Вот какая вышла незадача: медицина достигла в цивилизованных странах такого уровня, что умереть практически невозможно. Во всяком случае – не с первого раза. При этом человека могут зачислить в неадекватные, поместить в условия, для него мучительные. Могут даже подвергать физическим пыткам из-за абсурдной жестокости бюрократизма и от отсутствия здравого смысла. И это еще если повезет и деньги есть на приличную богадельню. Русские кладут пятаки на глаза, древние римляне клали монету в рот, чтоб заплатить перевозчику. Не то чтоб при деньгах умирать приятно и небольно, но все же не так оскорбительно. Не так страшно и на тот свет отправиться, страшно попасть в промежуточный, переходный к нему мир, где у гробового входа взрывается хохотом подвешенный к потолку телевизор, где адский холод, чтобы перемерли и микробы, где над смертным одром яркий свет бьет в глаза двадцать четыре часа в сутки… Все это знают, все этого боятся, – а я-то, известное дело, трус, – но каждый надеется, что как-нибудь пронесет… Поэтому идея эвтаназии овладела массами, и даже быстрее, чем всеобщее сочувствие однополым бракам… Что б там ни говорили, гомосексуалистов на свете не так уж много, а умирают все…
К машине он приноровился, дождь перестал.
Эта страна, как и страна, в которой он родился, создана не для того, чтоб в ней жить оседло, а чтоб по ней ехать.
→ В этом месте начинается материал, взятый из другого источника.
lemma up_step_lift_at: "up_step (lift_at D p) i \<longleftrightarrow> up_step D i \<or> i = p"
proof -
  have "p < length (D @ [False, False])" using p_le by simp
  then show ?thesis
    by (auto simp: lift_at_def up_step_def nth_append nth_list_update less_Suc_eq)
qed

lemma ext_height_lift_at:
  "ext_height (lift_at D p) x = ext_height D x + (if p < x then 2 else 0)"
  by (induction x) (use down in \<open>auto simp: ext_height_Suc up_step_lift_at less_Suc_eq\<close>)

lemmas ext_height_beyond_dyck =
  is_dyck_ext_height_beyond[OF dyck, of 1, simplified]
  is_dyck_ext_height_beyond[OF dyck, of 2, simplified]

lemma is_dyck_lift_at: "is_dyck (lift_at D p)"
proof -
  have "ext_height (lift_at D p) x \<ge> 0" if "x \<le> length D + 2" for x
  proof (cases "x \<le> length D")
    case True
    then show ?thesis
      using is_dyck_ext_height_nonneg[OF dyck] ext_height_lift_at[of x] by simp
  next
    case False
    then have "x = length D + 1 \<or> x = length D + 2" using that by auto
    then show ?thesis using ext_height_lift_at[of x] ext_height_beyond_dyck p_le by auto
  qed
  then show ?thesis
    unfolding is_dyck_def
    using height_eq_ext_height ext_height_lift_at ext_height_beyond_dyck p_le by auto
qed

lemma dyck_shape_subset_lift_at: "dyck_shape D \<subseteq> dyck_shape (lift_at D p)"
proof safe
  fix a b assume ab: "(a, b) \<in> dyck_shape D"
  then have "nat (a + 1) \<le> length D" by (auto simp: mem_dyck_shape)
  then have "height D (nat (a + 1)) \<le> height (lift_at D p) (nat (a + 1))"
    using height_eq_ext_height ext_height_lift_at by simp
  then show "(a, b) \<in> dyck_shape (lift_at D p)"
    using ab by (auto simp: mem_dyck_shape)
qed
Ехать и ехать, не с разумной целью, а куда глаза глядят. В поисках чего-то. Может быть, с надеждой. Или без надежды. Ехать и ехать, все быстрее и быстрее. А цивилизация не только там, где ее довольно мало, но и здесь, где ее, казалось бы, так много, – все время обрывается, проглатывается бесконечными окраинами, исчезает в огромности континента… За аванпостом цивилизации, за грубо расцвеченной бензоколонкой, за последним кабаком у заставы немедленно начинается полная темнота, глухая плоская стена леса… И темное шоссе уходит не к аккуратным поселкам с аккуратными домами и стрижеными газонами, и не к бесконечным торговым центрам, и не к дрожащим огням печальных деревень, и не к той сибирской глуши с теплым хлебом на морозе, и не к светящемуся на горизонте огромному городу, а просто к точке схода, к точке схода.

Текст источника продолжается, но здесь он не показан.